Glaciation on Mercury: Accumulation and flow of ice in permanently shadowed circum-polar crater interiors

Abstract

Radar-bright deposits that coincide with regions in permanent shadow typically found within impact craters at and near the poles of Mercury have been interpreted as being composed of water ice. We investigate the dynamic properties of these solid water-ice deposits (glaciers) with the goal of constraining their movement, flow rates, possible deformation, and related structures and deposits. As an end-member, we treat the extreme case of maximum ice accumulation where these deposits fill the crater to the shadow line, an event we would only expect following maximum accumulation conditions such as a large cometary impact or a comet shower. We find that, given the extremely cold conditions and the limited thickness of glaciers, even under the most favorable accumulation conditions, glaciation is cold-based, ice flow velocities are very low (4 × 10−8 m/yr) and, with the exception of a sublimation lag deposit, glaciation is unlikely to leave any significant impact on the terrain.
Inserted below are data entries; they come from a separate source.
lemma inj_product_if_differences_in_range:
  assumes Q: "Q \<in> carrier_mat n (n - 1)" and K: "K \<in> carrier_mat (n - 1) k"
    and range: "\<And>v. v < n - 1 \<Longrightarrow> \<exists>c \<in> carrier_vec k. Q *\<^sub>v (K *\<^sub>v c) = unit_diff n 0 (Suc v)"
  obtains C where "C \<in> carrier_mat k (n - 1)" "mat_inj (Q * (K * C))"
proof -
  obtain c where c: "\<And>v. v < n - 1 \<Longrightarrow> c v \<in> carrier_vec k \<and> Q *\<^sub>v (K *\<^sub>v c v) = unit_diff n 0 (Suc v)"
    using range by metis
  define C where "C = mat k (n - 1) (\<lambda>(j, v). c v $ j)"
  have C: "C \<in> carrier_mat k (n - 1)" by (simp add: C_def)
  have "col (Q * (K * C)) v = unit_diff n 0 (Suc v)" if v: "v < n - 1" for v
  proof -
    have "col C v = c v" using c[OF v] v by (auto simp: C_def)
    moreover have "col (Q * (K * C)) v = Q *\<^sub>v (K *\<^sub>v col C v)"
      using col_mult2[OF Q mult_carrier_mat[OF K C] v] col_mult2[OF K C v] by simp
    ultimately show ?thesis using c[OF v] by simp
  qed
  then have "mat_inj (Q * (K * C))" using Q K C by (intro mat_inj_unit_diff_cols) auto
  then show ?thesis using that C by blast
qed

lemma mat_inv_if_det_nonzero:
  assumes A: "(A :: real mat) \<in> carrier_mat k k" and d: "det A \<noteq> 0"
  shows "mat_inv A \<in> carrier_mat k k" "A * mat_inv A = 1\<^sub>m k" "mat_inv A * A = 1\<^sub>m k"
proof -
  obtain B where "B \<in> carrier_mat k k" "A * B = 1\<^sub>m k" "B * A = 1\<^sub>m k"
    using det_non_zero_imp_unit[OF A d, of undefined] unfolding Units_def ring_mat_def by auto
  then have "inverts_mat A B \<and> inverts_mat B A" using A by (simp add: inverts_mat_def)
  then have h: "inverts_mat A (mat_inv A) \<and> inverts_mat (mat_inv A) A"
    unfolding mat_inv_def by (rule someI)
  then have AB: "A * mat_inv A = 1\<^sub>m k" and BA: "mat_inv A * A = 1\<^sub>m (dim_row (mat_inv A))"
    using A by (auto simp: inverts_mat_def)
  have "dim_col (mat_inv A) = k" using arg_cong[OF AB, of dim_col] by simp
  moreover have "dim_row (mat_inv A) = k" using arg_cong[OF BA, of dim_col] A by simp
  ultimately show "mat_inv A \<in> carrier_mat k k" "A * mat_inv A = 1\<^sub>m k" "mat_inv A * A = 1\<^sub>m k"
    using AB BA by auto
qed

lemma frob_sq_eq_sum_diag: "frob_sq (A :: real mat) = (\<Sum>i<dim_row A. (A * transpose_mat A) $$ (i, i))"
  unfolding frob_sq_def
  by (intro sum.cong refl) (auto simp: scalar_prod_def power2_eq_square lessThan_atLeast0)
lemma le_infdist_if_local_bound:
  fixes x xbar :: "'a::metric_space"
  assumes "xbar \<in> X" and "dist x xbar \<le> r" and "0 \<le> C"
    and local: "\<And>z. z \<in> X \<Longrightarrow> dist z xbar \<le> 2 * r \<Longrightarrow> v \<le> C * dist x z"
  shows "v \<le> C * infdist x X"
proof -
  have global: "v \<le> C * dist x z" if "z \<in> X" for z
  proof (cases "dist z xbar \<le> 2 * r")
    case False
    then have "dist x xbar \<le> dist x z"
      using assms(2) dist_triangle[of z xbar x] by (simp add: dist_commute)
    moreover have "v \<le> C * dist x xbar"
      using local[OF \<open>xbar \<in> X\<close>] assms(2) zero_le_dist[of x xbar] by simp
    ultimately show ?thesis
      using \<open>0 \<le> C\<close> by (meson mult_left_mono order_trans)
  qed (use local that in blast)
  show ?thesis
  proof (cases "C = 0")
    case True
    then show ?thesis using global[OF \<open>xbar \<in> X\<close>] by simp
  next
    case False
    then have "0 < C" using \<open>0 \<le> C\<close> by simp
    have "X \<noteq> {}" using \<open>xbar \<in> X\<close> by blast
    then have "v / C \<le> infdist x X"
      unfolding infdist_notempty[OF \<open>X \<noteq> {}\<close>]
      by (rule cINF_greatest) (use global \<open>0 < C\<close> in \<open>simp add: pos_divide_le_eq mult.commute\<close>)
    then show ?thesis using \<open>0 < C\<close> by (simp add: pos_divide_le_eq mult.commute)
  qed
qed

lemma convex_edom:
  assumes "convex_efun g"
  shows "convex (edom g)"
proof (rule convexI)
  fix x y and u v :: real
  assume "x \<in> edom g" "y \<in> edom g" "0 \<le> u" "0 \<le> v" "u + v = 1"
  then have "g (u *\<^sub>R x + v *\<^sub>R y) \<le> ereal u * g x + ereal v * g y"
    using assms unfolding convex_efun_def
    by (metis add_diff_cancel_right' le_add_same_cancel2)
  also have "\<dots> < \<infinity>"
    using \<open>x \<in> edom g\<close> \<open>y \<in> edom g\<close> \<open>0 \<le> u\<close> \<open>0 \<le> v\<close>
    by (cases "g x"; cases "g y") (auto simp: edom_def)
  finally show "u *\<^sub>R x + v *\<^sub>R y \<in> edom g" by (simp add: edom_def)
qed

lemma step_in_closed_segment:
  fixes x y :: "'a::real_vector"
  assumes "0 \<le> beta" and "beta \<le> 1"
  shows "(let alpha = beta ^ m; z = x + alpha *\<^sub>R (y - x) in if P z then y else z) \<in> closed_segment x y"
proof -
  have "x + beta ^ m *\<^sub>R (y - x) \<in> closed_segment x y"
    using assms by (auto simp: in_segment algebra_simps power_le_one intro!: exI[of _ "beta ^ m"])
  then show ?thesis by (simp add: Let_def)
qed

lemma sequence_in_convex_set:
  assumes "convex S" and "x 0 \<in> S" and "\<And>k. y k \<in> S"
    and "\<And>k. x (Suc k) \<in> closed_segment (x k) (y k)"
  shows "x k \<in> S"
  using assms convex_contains_segment by (induction k) blast+
definition beta :: "(real \<Rightarrow> real \<Rightarrow> real^3) \<Rightarrow> (real \<Rightarrow> real \<Rightarrow> real) \<Rightarrow> real \<Rightarrow> real \<Rightarrow> real^3" where
  "beta \<gamma> \<theta> t u = cross3 (tangent \<gamma> t u) (nu \<gamma> \<theta> t u)"

definition psi1 :: "(real \<Rightarrow> real \<Rightarrow> real^3) \<Rightarrow> (real \<Rightarrow> real \<Rightarrow> real) \<Rightarrow> real \<Rightarrow> real \<Rightarrow> real" where
  "psi1 \<gamma> \<theta> t u = curvature \<gamma> t u * cos (\<theta> t u)"

definition psi2 :: "(real \<Rightarrow> real \<Rightarrow> real^3) \<Rightarrow> (real \<Rightarrow> real \<Rightarrow> real) \<Rightarrow> real \<Rightarrow> real \<Rightarrow> real" where
  "psi2 \<gamma> \<theta> t u = curvature \<gamma> t u * sin (\<theta> t u)"

definition psi3 :: "(real \<Rightarrow> real \<Rightarrow> real^3) \<Rightarrow> (real \<Rightarrow> real \<Rightarrow> real) \<Rightarrow> real \<Rightarrow> real \<Rightarrow> real" where
  "psi3 \<gamma> \<theta> t u = torsion \<gamma> t u + Ds \<gamma> \<theta> t u"

definition upsilon :: "real \<Rightarrow> (real \<Rightarrow> real \<Rightarrow> real^3) \<Rightarrow> (real \<Rightarrow> real \<Rightarrow> real) \<Rightarrow> real \<Rightarrow> real \<Rightarrow> real" where
  "upsilon H \<gamma> \<theta> t u =
     (let k = curvature \<gamma> t u; p3 = psi3 \<gamma> \<theta> t u in
      k * H
      - (k * Ds \<gamma> (psi3 \<gamma> \<theta>) t u + 2 * Ds \<gamma> (curvature \<gamma>) t u * p3) * k powi (-2) * psi1 \<gamma> \<theta> t u
      + (k ^ 3 + k * p3 ^ 2 - Ds \<gamma> (Ds \<gamma> (curvature \<gamma>)) t u) * k powi (-2) * psi2 \<gamma> \<theta> t u)"
(* Let $A$ and $B$ be C$^*$-algebras, where $A$ is unital, simple and infinite. Let $T:A\to B$ be a linear map. Then $T$ is a $^*$-homomorphism if and only if $T$ is a $^*$-homomorphism at the unit $1$ of $A$.
   Context: A map $T:A\to B$ between C$^*$-algebras is a $^*$-homomorphism at $z\in A$ if for all $a,b\in A$ with $ab^*=z$ one has $T(ab^* )=T(a)T(b)^*=T(z)$, and for all $c,d\in A$ with $c^*d=z$ one has $T(c^*d)=T(c)^*T(d)=T(z)$. A unital C$^*$-algebra is infinite if its unit is not a finite projection (equivalently, it contains a projection that is Murray–von Neumann equivalent to a proper subprojection of itself). Simple means $A$ has no nontrivial norm-closed two-sided ideals. *)

theory Defs
  imports "HOL-Analysis.Analysis"
begin

text \<open>The real scalar multiplication
inherited from real_normed_algebra is required to agree with the complex one.\<close>

class cstar_algebra = real_normed_algebra + banach +
  fixes scaleC :: "complex \<Rightarrow> 'a \<Rightarrow> 'a"
    and cstar :: "'a \<Rightarrow> 'a"
  assumes scaleC_add_right: "scaleC c (x + y) = scaleC c x + scaleC c y"
    and scaleC_add_left: "scaleC (c + d) x = scaleC c x + scaleC d x"
    and scaleC_scaleC: "scaleC c (scaleC d x) = scaleC (c * d) x"
    and scaleC_one: "scaleC 1 x = x"
    and scaleR_scaleC: "scaleR r x = scaleC (complex_of_real r) x"
    and norm_scaleC: "norm (scaleC c x) = cmod c * norm x"
    and scaleC_mult_left: "scaleC c (x * y) = scaleC c x * y"
    and scaleC_mult_right: "scaleC c (x * y) = x * scaleC c y"
    and cstar_cstar: "cstar (cstar x) = x"
    and cstar_add: "cstar (x + y) = cstar x + cstar y"
    and cstar_scaleC: "cstar (scaleC c x) = scaleC (cnj c) (cstar x)"
    and cstar_mult: "cstar (x * y) = cstar y * cstar x"
    and cstar_identity: "norm (cstar x * x) = (norm x)^2"

class cstar_algebra_1 = cstar_algebra + real_normed_algebra_1

definition clinear_map :: "('a::cstar_algebra \<Rightarrow> 'b::cstar_algebra) \<Rightarrow> bool" where
  "clinear_map T \<longleftrightarrow> (\<forall>x y. T (x + y) = T x + T y) \<and> (\<forall>c x. T (scaleC c x) = scaleC c (T x))"

definition star_hom :: "('a::cstar_algebra \<Rightarrow> 'b::cstar_algebra) \<Rightarrow> bool" where
  "star_hom T \<longleftrightarrow> clinear_map T \<and> (\<forall>x y. T (x * y) = T x * T y) \<and> (\<forall>x. T (cstar x) = cstar (T x))"

definition star_hom_at :: "('a::cstar_algebra \<Rightarrow> 'b::cstar_algebra) \<Rightarrow> 'a \<Rightarrow> bool" where
  "star_hom_at T z \<longleftrightarrow>
     (\<forall>a b. a * cstar b = z \<longrightarrow> T (a * cstar b) = T a * cstar (T b) \<and> T a * cstar (T b) = T z) \<and>
     (\<forall>c d. cstar c * d = z \<longrightarrow> T (cstar c * d) = cstar (T c) * T d \<and> cstar (T c) * T d = T z)"

definition closed_ideal :: "'a::cstar_algebra set \<Rightarrow> bool" where
  "closed_ideal I \<longleftrightarrow> 0 \<in> I \<and> (\<forall>x\<in>I. \<forall>y\<in>I. x + y \<in> I) \<and> (\<forall>c. \<forall>x\<in>I. scaleC c x \<in> I)
     \<and> (\<forall>a. \<forall>x\<in>I. a * x \<in> I \<and> x * a \<in> I) \<and> closed I"

definition cstar_simple :: "'a::cstar_algebra itself \<Rightarrow> bool" where
  "cstar_simple _ \<longleftrightarrow> (\<forall>I::'a set. closed_ideal I \<longrightarrow> I = {0} \<or> I = UNIV)"

definition projection :: "'a::cstar_algebra \<Rightarrow> bool" where
  "projection p \<longleftrightarrow> p * p = p \<and> cstar p = p"

definition mvn_equiv :: "'a::cstar_algebra \<Rightarrow> 'a \<Rightarrow> bool" where
  "mvn_equiv p q \<longleftrightarrow> (\<exists>v. cstar v * v = p \<and> v * cstar v = q)"

definition subprojection :: "'a::cstar_algebra \<Rightarrow> 'a \<Rightarrow> bool" where
  "subprojection q p \<longleftrightarrow> projection q \<and> projection p \<and> q * p = q"

definition finite_projection :: "'a::cstar_algebra \<Rightarrow> bool" where
  "finite_projection p \<longleftrightarrow> projection p \<and>
     (\<forall>q. subprojection q p \<and> mvn_equiv p q \<longrightarrow> q = p)"

definition cstar_infinite :: "'a::cstar_algebra_1 itself \<Rightarrow> bool" where
  "cstar_infinite _ \<longleftrightarrow> \<not> finite_projection (1::'a)"

end

theory Submission
  imports Defs
begin

text \<open>If \<open>T\<close> is a \<open>*\<close>-homomorphism at \<open>1\<close>, the biadditive forms
\<open>(x, y) \<mapsto> T(x) T(y\<^sup>*)\<^sup>*\<close> and \<open>(x, y) \<mapsto> T(x\<^sup>*)\<^sup>* T(y)\<close> take the
constant value \<open>T 1\<close> on all factorizations \<open>a b = 1\<close> of the unit. In a unital ring containing one-sided inverse pairs
\<open>u\<^sub>1 v\<^sub>1 = u\<^sub>2 v\<^sub>2 = 1\<close> with \<open>u\<^sub>1 v\<^sub>2 = u\<^sub>2 v\<^sub>1 = 0\<close>, perturbing such factorizations by
annihilating elements shows that every such form satisfies \<open>B x y = B (x y) 1\<close>.
A simple infinite C*-algebra contains such pairs: a proper isometry \<open>s\<close> gives the nonzero
projection \<open>p = 1 - s s\<^sup>*\<close>; by simplicity the ideal generated by \<open>p\<close> is dense, so it contains
an element with a right inverse and hence \<open>1\<close>; writing \<open>1 = X Y\<close> with \<open>X s\<^sup>n = 0 = (s\<^sup>*)\<^sup>n Y\<close>
yields the pairs \<open>((s\<^sup>*)\<^sup>n, s\<^sup>n)\<close> and \<open>(X, Y)\<close>. Finally, the two resulting identities and the
C*-identity force \<open>T 1\<close> to be a projection acting as a unit on the range of \<open>T\<close>, from which
multiplicativity and \<open>*\<close>-preservation follow.\<close>

locale unit_factorization_form =
  fixes B :: "'a::ring_1 \<Rightarrow> 'a \<Rightarrow> 'b::real_vector" and k :: 'b
  assumes add_left: "B (x + x') y = B x y + B x' y"
    and add_right: "B x (y + y') = B x y + B x y'"
    and unit_factorization: "a * b = 1 \<Longrightarrow> B a b = k"
begin
inductive rounding :: "real set \<Rightarrow> real \<Rightarrow> real \<Rightarrow> real list \<Rightarrow> bool"
  for G :: "real set" and tau :: real where
  stop: "x < tau \<Longrightarrow> rounding G tau x [x]"
| step: "tau \<le> x \<Longrightarrow> y = (GREATEST y. y \<in> G \<and> y \<le> x) \<Longrightarrow>
         rounding G tau (x - y) ys \<Longrightarrow> rounding G tau x (y # ys)"

end

theory Submission
  imports Defs
begin

text \<open>Every x in (0, 1] has a grid point in (x/2, x]: the power of two 2^\<lfloor>log 2 x\<rfloor> if x < 1
  (take j = 1/eps) and 1 - eps if x = 1. Above any positive bound the grid is finite, so the
  greedy choice exists and leaves a remainder below x/2. Starting from x \<le> 1 \<le> tau 2^L with
  L = \<lceil>log 2 (1/tau)\<rceil>, the value therefore drops below tau after at most L steps, and each
  state is replaced by at most L + 1 outputs.\<close>

lemma le_Greatest_of_finite_above:
  fixes S :: "'a::linorder set"
  assumes "finite {y \<in> S. w \<le> y}" and "w \<in> S" and "w \<le> x"
  shows "w \<le> (GREATEST y. y \<in> S \<and> y \<le> x)"
proof -
  define T where "T = {y \<in> S. w \<le> y \<and> y \<le> x}"
  have "finite T" unfolding T_def by (rule finite_subset[OF _ assms(1)]) auto
  moreover have "w \<in> T" unfolding T_def using assms(2,3) by simp
  ultimately have "Max T \<in> T" and "w \<le> Max T" by (auto intro: Max_in)
  have "y \<le> Max T" if "y \<in> S" and "y \<le> x" for y
  proof (cases "w \<le> y")
    case True
    with that have "y \<in> T" unfolding T_def by simp
    with \<open>finite T\<close> show ?thesis by simp
  next
    case False
    with \<open>w \<le> Max T\<close> show ?thesis by simp
  qed
  with \<open>Max T \<in> T\<close> have "(GREATEST y. y \<in> S \<and> y \<le> x) = Max T"
    unfolding T_def by (intro Greatest_equality) auto
  with \<open>w \<le> Max T\<close> show ?thesis by simp
qed

context
  fixes G :: "real set" and tau :: real
  assumes greedy_halves: "\<And>x. tau \<le> x \<Longrightarrow> x \<le> 1 \<Longrightarrow> x - (GREATEST y. y \<in> G \<and> y \<le> x) < x / 2"
begin

lemma rounding_exists:
  assumes "x \<le> 1" and "x < tau * 2 ^ N"
  shows "\<exists>ys. rounding G tau x ys"
  using assms
proof (induction N arbitrary: x)
  case 0
  then have "rounding G tau x [x]" by (intro rounding.stop) simp
  then show ?case ..
next
  case (Suc N)
  show ?case
  proof (cases "x < tau")
    case True
    then have "rounding G tau x [x]" by (rule rounding.stop)
    then show ?thesis ..
  next
    case False
    define y where "y = (GREATEST y. y \<in> G \<and> y \<le> x)"
    have "x - y < x / 2" using greedy_halves False Suc.prems(1) unfolding y_def by simp
    moreover have "tau * 2 ^ Suc N = 2 * (tau * 2 ^ N)" by simp
    ultimately have "x - y \<le> 1" and "x - y < tau * 2 ^ N" using Suc.prems by linarith+
    then obtain ys where "rounding G tau (x - y) ys" using Suc.IH by blast
    with False have "rounding G tau x (y # ys)" by (intro rounding.step y_def) simp_all
    then show ?thesis ..
  qed
qed

lemma rounding_length_le:
  assumes "rounding G tau x ys" and "x \<le> 1" and "x < tau * 2 ^ N"
  shows "length ys \<le> N + 1"
  using assms
proof (induction arbitrary: N rule: rounding.induct)
  case (stop x)
  then show ?case by simp
next
  case (step x y ys)
  have "x - y < x / 2" using greedy_halves[OF step.hyps(1) step.prems(1)] step.hyps(2) by simp
  have "N \<noteq> 0"
  proof
    assume "N = 0"
    with step.prems(2) step.hyps(1) show False by simp
  qed
  then obtain M where M: "N = Suc M" using not0_implies_Suc by blast
  then have "tau * 2 ^ N = 2 * (tau * 2 ^ M)" by simp
  then have "x - y \<le> 1" and "x - y < tau * 2 ^ M"
    using \<open>x - y < x / 2\<close> step.prems by linarith+
  then have "length ys \<le> M + 1" by (rule step.IH)
  with M show ?case by simp
qed

text \<open>Unlike the previous lemma this allows x = tau 2^N, e.g. x = 1 and tau = 2^-N, at the price
  of N \<ge> 1: the first step already lands strictly below tau 2^(N-1).\<close>

lemma rounding_length_le':
  assumes "rounding G tau x ys" and "x \<le> 1" and "x \<le> tau * 2 ^ N" and "1 \<le> N"
  shows "length ys \<le> N + 1"
  using assms(1)
proof cases
  case stop
  then show ?thesis by simp
next
  case (step y ys')
  have "x - y < x / 2" using greedy_halves[OF step(2) assms(2)] step(3) by simp
  obtain M where M: "N = Suc M" using assms(4) not0_implies_Suc by fastforce
  then have "tau * 2 ^ N = 2 * (tau * 2 ^ M)" by simp
  then have "x - y \<le> 1" and "x - y < tau * 2 ^ M"
    using \<open>x - y < x / 2\<close> assms(2,3) by linarith+
  with step(4) have "length ys' \<le> M + 1" by (rule rounding_length_le)
  with M step(1) show ?thesis by simp
qed

end

lemma grid_memI:
  assumes "y = 2 powr (- real_of_int i) * eps * real j" and "1 \<le> j" and "real j \<le> 2 / eps^2 - 1"
    and "0 < y" and "y < 1"
  shows "y \<in> grid eps"
  unfolding grid_def using assms by (intro IntI CollectI) (auto intro!: exI[of _ i] exI[of _ j])

lemma finite_grid_above:
  assumes eps: "0 < eps" and w: "0 < w"
  shows "finite {y \<in> grid eps. w \<le> y}"
proof -
  define i\<^sub>0 where "i\<^sub>0 = \<lfloor>log 2 eps\<rfloor>"
  define i\<^sub>1 where "i\<^sub>1 = \<lceil>- log 2 (w * eps / 2)\<rceil>"
  define J where "J = nat \<lfloor>2 / eps^2\<rfloor>"
  define g where "g = (\<lambda>(i, j). 2 powr (- real_of_int i) * eps * real j)"
  txt \<open>The scale i is bounded below by 2^-i eps \<le> y < 1 and above by w \<le> y \<le> 2^-i eps (2/eps^2).\<close>
  have "{y \<in> grid eps. w \<le> y} \<subseteq> g ` ({i\<^sub>0..i\<^sub>1} \<times> {..J})"
  proof
    fix y assume "y \<in> {y \<in> grid eps. w \<le> y}"
    then obtain i j where y: "y = 2 powr (- real_of_int i) * eps * real j" and "1 \<le> j"
      and "real j \<le> 2 / eps^2 - 1" and "y < 1" and "w \<le> y"
      unfolding grid_def by auto
    then have j: "real j \<le> 2 / eps^2" by simp
    have pos: "0 < 2 powr (- real_of_int i)" by simp
    have "2 powr (- real_of_int i) * eps * 1 \<le> y"
      unfolding y using \<open>1 \<le> j\<close> pos eps by (intro mult_left_mono) auto
    with \<open>y < 1\<close> have "log 2 (2 powr (- real_of_int i) * eps) \<le> 0"
      using pos eps by (simp add: log_le_zero_cancel_iff)
    then have "- real_of_int i + log 2 eps \<le> 0" using pos eps by (simp add: log_mult)
    then have "i\<^sub>0 \<le> i" unfolding i\<^sub>0_def by linarith
    have "y \<le> 2 powr (- real_of_int i) * eps * (2 / eps^2)"
      unfolding y using j pos eps by (intro mult_left_mono) auto
    with \<open>w \<le> y\<close> have "w \<le> 2 powr (- real_of_int i) * eps * (2 / eps^2)" by simp
    also have "\<dots> = 2 powr (- real_of_int i) * 2 / eps"
      using eps by (simp add: power2_eq_square field_simps)
    finally have "w * eps / 2 \<le> 2 powr (- real_of_int i)" using eps by (simp add: field_simps)
    then have "log 2 (w * eps / 2) \<le> log 2 (2 powr (- real_of_int i))"
      using w eps by (subst log_le_cancel_iff) auto
    then have "log 2 (w * eps / 2) \<le> - real_of_int i" by simp
    then have "i \<le> i\<^sub>1" unfolding i\<^sub>1_def by linarith
    have "j \<le> J" using j unfolding J_def by (simp add: le_nat_floor)
    show "y \<in> g ` ({i\<^sub>0..i\<^sub>1} \<times> {..J})"
      using \<open>i\<^sub>0 \<le> i\<close> \<open>i \<le> i\<^sub>1\<close> \<open>j \<le> J\<close>
      by (intro image_eqI[where x = "(i, j)"]) (simp_all add: g_def y)
  qed
  moreover have "finite (g ` ({i\<^sub>0..i\<^sub>1} \<times> {..J}))" by simp
  ultimately show ?thesis by (rule finite_subset)
qed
An important accelerator of ice flow is found to be the contribution of lateral heat conduction from the surrounding extremely hot surface terrain (∼225 K average with up to 450 K maximums), which for 55 km craters yields velocities of 10−3 m/yr while for smaller 10 km craters velocities may exceed 1 m/yr, enough to leave a detectable ice deformation imprint such as drop moraines. However given that the observed deposits are substantially below their maximum fill capacities these estimates are unlikely to be attained.